# help with good wifi router with USB support



## manohar387 (Aug 9, 2013)

Hi Guys, 
Well my requirements are as follows
1. price 3000-5000
2. good throughput
3. single/dual band
4. USB support to download torrents with PC and share files on internet
5. DD-WRT support

i can extend the price by 1000 bucks max


----------



## kARTechnology (Aug 10, 2013)

Tp link Wdr3600. @ snapdeal (I already got 1 on ebay, and required another one.....1 month back it was for 3660 and I missed it  very sad)

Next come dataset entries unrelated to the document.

lemma hadamard_value_in_image_or_g0:
  assumes V: "V \<subseteq> anA0" and comp: "complete_Ac (dualT V)" and g: "g \<in> anAc"
    and f: "f \<in> V" and z: "cmod z \<le> 1"
  shows "hadamard f g z \<in> insert (g 0) ((\<lambda>f. hadamard f g 1) ` V)"
proof (rule ccontr)
  define w where "w = hadamard f g z"
  define c where "c = 1 / (g 0 - w)"
  define h where "h = (\<lambda>\<zeta>. c * (g \<zeta> - w))"
  assume "hadamard f g z \<notin> insert (g 0) ((\<lambda>f. hadamard f g 1) ` V)"
  then have w: "w \<noteq> g 0" "\<And>f'. f' \<in> V \<Longrightarrow> hadamard f' g 1 \<noteq> w"
    by (auto simp: w_def image_iff)
  obtain R where R: "R > 1" "g holomorphic_on ball 0 R"
    using g by (auto simp: anAc_def)
  have hR: "h holomorphic_on ball 0 R"
    unfolding h_def using R by (intro holomorphic_intros)
  have hadamard_h: "hadamard f' h x = c * (hadamard f' g x - w * f' 0)"
    if "f' holomorphic_on ball 0 1" "cmod x \<le> 1" for f' x
    unfolding h_def using hadamard_affine[OF that(1) g that(2)] .
  have f0: "\<And>f'. f' \<in> V \<Longrightarrow> f' 0 = 1" and holo: "\<And>f'. f' \<in> V \<Longrightarrow> f' holomorphic_on ball 0 1"
    using V by (auto simp: anA0_def anA_def tcoeff_0)
  have "c \<noteq> 0"
    using w(1) by (simp add: c_def)
  have "h \<in> anAc0"
    using R hR w(1) by (auto simp: anAc0_def anAc_def tcoeff_0 h_def c_def)
  moreover have "hadamard f' h 1 \<noteq> 0" if "f' \<in> V" for f'
    using hadamard_h[OF holo[OF that], of 1] f0[OF that] w(2)[OF that] \<open>c \<noteq> 0\<close> by simp
  ultimately have "h \<in> dualT V"
    by (simp add: dualT_def)
  then have "(\<lambda>\<zeta>. h (z * \<zeta>)) \<in> dualT V"
    using comp z by (auto simp: complete_Ac_def)
  then have "hadamard f h z \<noteq> 0"
    using f hadamard_dilation_right[OF hR _ z] R(1) by (auto simp: dualT_def)
  then show False
    using hadamard_h[OF holo[OF f] z] f0[OF f] by (simp add: w_def)
qed

lemma hadamard_image_subset:
  assumes V: "V \<subseteq> anA0" and cpt: "lu_compact V" and comp: "complete_Ac (dualT V)"
    and g: "g \<in> anAc" and f: "f \<in> V"
  shows "hadamard f g ` cball 0 1 \<subseteq> (\<lambda>f. hadamard f g 1) ` V"
proof -
  define L where "L = (\<lambda>f. hadamard f g 1) ` V"
  define S where "S = hadamard f g ` cball 0 1"
  have holo: "f holomorphic_on ball 0 1"
    using V f by (auto intro: anA0_holomorphic)
  have "connected S"
    unfolding S_def by (intro connected_continuous_image hadamard_continuous_on_cball holo g) simp
  moreover have "S \<subseteq> {g 0} \<union> L"
    using hadamard_value_in_image_or_g0[OF V comp g f] by (force simp: S_def L_def)
  moreover have "closed L"
    unfolding L_def using compact_hadamard_image[OF V cpt g] by (rule compact_imp_closed)
  moreover have "L \<inter> S \<noteq> {}"
    using f unfolding L_def S_def by (auto intro!: image_eqI[of _ _ 1])
  moreover have "f 0 = 1"
    using V f by (auto simp: anA0_def tcoeff_0)
  then have "g 0 \<in> S"
    unfolding S_def using hadamard_0[of f g] by (intro image_eqI[of _ _ 0]) auto
  ultimately have "g 0 \<in> L"
    using connected_closedD[of S "{g 0}" L] by auto
  then show ?thesis
    using \<open>S \<subseteq> {g 0} \<union> L\<close> by (auto simp: S_def L_def)
qed

lemma tendsto_uniform_limit_compose:
  fixes l :: "'a::metric_space \<Rightarrow> 'b::real_normed_vector"
  assumes "uniform_limit K F l sequentially" "\<And>n. xs n \<in> K" "xs \<longlonglongrightarrow> x" "isCont l x"
  shows "(\<lambda>n. F n (xs n)) \<longlonglongrightarrow> l x"
proof -
  have "(\<lambda>n. F n (xs n) - l (xs n)) \<longlonglongrightarrow> 0"
    unfolding tendsto_iff
  proof (intro allI impI)
    fix e :: real
    assume "0 < e"
    then have "\<forall>\<^sub>F n in sequentially. \<forall>y\<in>K. dist (F n y) (l y) < e"
      using assms(1) by (auto simp: uniform_limit_iff)
    then show "\<forall>\<^sub>F n in sequentially. dist (F n (xs n) - l (xs n)) 0 < e"
      by eventually_elim (use assms(2) in \<open>auto simp: dist_norm\<close>)
  qed
  moreover have "(\<lambda>n. l (xs n)) \<longlonglongrightarrow> l x"
    using isCont_tendsto_compose[OF assms(4,3)] .
  ultimately show ?thesis
    using tendsto_add by fastforce
qed

lemma Pop_limit:
  assumes x: "xs \<longlonglongrightarrow> x" "\<And>n. cmod (xs n) \<le> 1"
    and U: "\<And>K. compact K \<Longrightarrow> K \<subseteq> ball 0 1 \<Longrightarrow> uniform_limit K F l sequentially"
    and l: "continuous_on (ball 0 1) l" and eq: "\<And>n. f0 = Pop (xs n) (F n)"
  shows "f0 = Pop x l"
proof
  fix z
  show "f0 z = Pop x l z"
  proof (cases "z \<in> ball 0 1")
    case False
    then show ?thesis using eq[of 0] by (simp add: Pop_def)
  next
    case True
    have "cmod x \<le> 1"
      using x by (intro Lim_norm_ubound[OF _ x(1)]) auto
    then have cont: "isCont l (x * z)"
      using l True mult_mem_ball continuous_on_eq_continuous_at by blast
    have mem: "xs n * z \<in> cball 0 (cmod z)" for n
      using x(2)[of n] by (simp add: norm_mult mult_left_le_one_le)
    have unif: "uniform_limit (cball 0 (cmod z)) F l sequentially"
      using True by (intro U compact_cball) auto
    have "(\<lambda>n. F n (xs n * z)) \<longlonglongrightarrow> l (x * z)"
      by (rule tendsto_uniform_limit_compose[where xs = "\<lambda>n. xs n * z",
            OF unif mem tendsto_mult_right[OF x(1)] cont])
    moreover have "F n (xs n * z) = f0 z" for n
      using eq[of n] True by (simp add: Pop_def)
    ultimately have "(\<lambda>n. f0 z) \<longlonglongrightarrow> l (x * z)"
      by simp
    then show ?thesis
      using True by (simp add: Pop_def LIMSEQ_const_iff)
  qed
qed

lemma compact_Pop_parameters:
  assumes V: "V \<subseteq> anA0" and cpt: "lu_compact V"
  shows "compact {x \<in> cball 0 1. \<exists>f\<in>V. f0 = Pop x f}"
  unfolding compact_eq_bounded_closed
proof
  show "bounded {x \<in> cball 0 1. \<exists>f\<in>V. f0 = Pop x f}"
    by (rule bounded_subset[OF bounded_cball[of 0 1]]) auto
  show "closed {x \<in> cball 0 1. \<exists>f\<in>V. f0 = Pop x f}"
    unfolding closed_sequential_limits
  proof (intro allI impI, elim conjE)
    fix xs :: "nat \<Rightarrow> complex" and x
    assume xs: "\<forall>n. xs n \<in> {x \<in> cball 0 1. \<exists>f\<in>V. f0 = Pop x f}" "xs \<longlonglongrightarrow> x"
    then have "\<forall>n. \<exists>f. f \<in> V \<and> f0 = Pop (xs n) f"
      by blast
    then obtain F where "\<forall>n. F n \<in> V \<and> f0 = Pop (xs n) (F n)"
      by (rule choice[THEN exE])
    then have F: "\<And>n. F n \<in> V" "\<And>n. f0 = Pop (xs n) (F n)"
      by auto
    obtain l r where l: "l \<in> V" "strict_mono r"
      "\<And>K. compact K \<Longrightarrow> K \<subseteq> ball 0 1 \<Longrightarrow> uniform_limit K (F \<circ> r) l sequentially"
      using cpt[unfolded lu_compact_def, rule_format, of F] F(1) by auto
    have "x \<in> cball 0 1"
      using xs closed_cball closed_sequentially by blast
    moreover have "f0 = Pop x l"
    proof (rule Pop_limit)
      show "(xs \<circ> r) \<longlonglongrightarrow> x"
        using LIMSEQ_subseq_LIMSEQ[OF xs(2) l(2)] .
      show "continuous_on (ball 0 1) l"
        using V l(1) by (auto intro: holomorphic_on_imp_continuous_on anA0_holomorphic)
    qed (use xs(1) F(2) l(3) in auto)
    ultimately show "x \<in> {x \<in> cball 0 1. \<exists>f\<in>V. f0 = Pop x f}"
      using l(1) by blast
  qed
qed

lemma Pop_border_exists:
  assumes V: "V \<subseteq> anA0" and cpt: "lu_compact V" and f0: "f0 \<in> V" "f0 \<noteq> eA"
  obtains x f where "x \<in> cball 0 1" "f \<in> V" "f0 = Pop x f"
    "\<forall>h\<in>V. \<forall>y\<in>cball 0 1. f = Pop y h \<longrightarrow> cmod y = 1"
proof -
  define S where "S = {x \<in> cball 0 1. \<exists>f\<in>V. f0 = Pop x f}"
  have "Pop 1 f0 = f0"
    using V f0(1) Pop_1 by (auto simp: anA0_def)
  then have "1 \<in> S"
    unfolding S_def using f0(1) by (auto intro!: bexI[of _ f0])
  then have "S \<noteq> {}"
    by blast
  moreover have "compact S"
    unfolding S_def using V cpt by (rule compact_Pop_parameters)
  ultimately obtain x where x: "x \<in> S" "\<forall>y\<in>S. cmod x \<le> cmod y"
    using continuous_attains_inf[OF _ _ continuous_on_norm_id] by blast
  then obtain f where f: "x \<in> cball 0 1" "f \<in> V" "f0 = Pop x f"
    by (auto simp: S_def)
  have "x \<noteq> 0"
  proof
    assume "x = 0"
    then show False
      using Pop_0[OF subsetD[OF V f(2)]] f(3) f0(2) by simp
  qed
  have "cmod y = 1" if h: "h \<in> V" "y \<in> cball 0 1" "f = Pop y h" for h y
  proof (rule ccontr)
    assume "cmod y \<noteq> 1"
    have "f0 = Pop (x * y) h"
      using f h Pop_Pop by simp
    moreover have "cmod (x * y) \<le> 1"
      using f h by (simp add: norm_mult mult_le_one)
    ultimately have "x * y \<in> S"
      using h(1) by (auto simp: S_def)
    then have "cmod x \<le> cmod x * cmod y"
      using x(2) norm_mult by metis
    then show False
      using \<open>x \<noteq> 0\<close> \<open>cmod y \<noteq> 1\<close> h(2) by (simp add: mult_le_cancel_left1)
  qed
  then show ?thesis
    using that f by blast
qed

lemma bor_subset: "bor V \<subseteq> V"
  by (auto simp: bor_def)

lemma mem_bor_iff:
  "V \<noteq> {eA} \<Longrightarrow> f \<in> bor V \<longleftrightarrow> f \<in> V \<and> (\<forall>g\<in>V. \<forall>x\<in>cball 0 1. f = Pop x g \<longrightarrow> cmod x = 1)"
  by (simp add: bor_def)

Or get still higher models in wdr series


----------



## evil_maverick (Aug 10, 2013)

kARTechnology said:


> Tp link Wdr3600. @ snapdeal (I already got 1 on ebay, and required another one.....1 month back it was for 3660 and I missed it  very sad)
> 
> Or get still higher models in wdr series



Try the ASUS RTN13U-B1...Its an old model...but i have been using it for some time...its a powerful device coupled with ddwrt support...i use it for 24X7 torrent downloading....u can try this one....
Buy Asus RTN13U Wifi Router Wireless Broadband 3G USB Printer Sharing Repeater | eBay

or try the new updated version RTN14U :
Asus RT-N14U WIFI N300 MBPS Wireless Router RTN14U+3G+4G + Printer Sharing | eBay


----------



## kARTechnology (Aug 10, 2013)

evil_maverick said:


> Try the ASUS RTN13U-B1...Its an old model...but i have been using it for some time...its a powerful device coupled with ddwrt support...i use it for 24X7 torrent downloading....u can try this one....
> Buy Asus RTN13U Wifi Router Wireless Broadband 3G USB Printer Sharing Repeater | eBay
> 
> or try the new updated version RTN14U :
> Asus RT-N14U WIFI N300 MBPS Wireless Router RTN14U+3G+4G + Printer Sharing | eBay



Im really unlucky
I got rt-n13u and replaced it two times and got refunded....
Wdr3600 has 2USB (extensible to 4 USB by modding internally) & DUALBAND & GIGABIT LAN/ WAN ports(super file transfers over wired connection)
And killer looks which is impressive and you can tell your friend that its 10k or 15k 
I feel its the best you can get compared to others


----------



## manohar387 (Aug 10, 2013)

thanks guys, does the tp-link wdr 3600 support torrent downloading without PC


----------



## kARTechnology (Aug 10, 2013)

manohar387 said:


> thanks guys, does the tp-link wdr 3600 support torrent downloading without PC



You need to install ddwrt and do some research and install it....google helps 
Wdr3600 also supports openwrt...


----------



## manohar387 (Aug 10, 2013)

hey snapdeal is selling it for 3500 , you think i should i buy this


----------



## kARTechnology (Aug 11, 2013)

manohar387 said:


> hey snapdeal is selling it for 3500 , you think i should i buy this



Which one


----------



## manohar387 (Aug 11, 2013)

snap deal is selling the tp-link  wdr3600 for 3550rs


----------



## kARTechnology (Aug 11, 2013)

manohar387 said:


> snap deal is selling the tp-link  wdr3600 for 3550rs


Get it! !!!
Really!!! Yesterday it was for 4400 on snapdeal
Great deal
I will buy another one now thanks!!!


----------



## kARTechnology (Aug 11, 2013)

Im still on stock firmware and not modded to ddwrt.... I will in few days

But for torrent client, there is no readily available guide... You need to research


----------



## manohar387 (Sep 23, 2013)

ok thanks mate


----------



## yogeshganvir (Jun 3, 2015)

evil_maverick said:


> Try the ASUS RTN13U-B1...Its an old model...but i have been using it for some time...its a powerful device coupled with ddwrt support...i use it for 24X7 torrent downloading....u can try this one....
> Buy Asus RTN13U Wifi Router Wireless Broadband 3G USB Printer Sharing Repeater | eBay
> 
> or try the new updated version RTN14U :
> Asus RT-N14U WIFI N300 MBPS Wireless Router RTN14U+3G+4G + Printer Sharing | eBay



any other latest option for this...n13 is out of market and my budget is 3k


----------



## whitestar_999 (Jun 3, 2015)

instead of bumping 2 years old threads,start new thread.


----------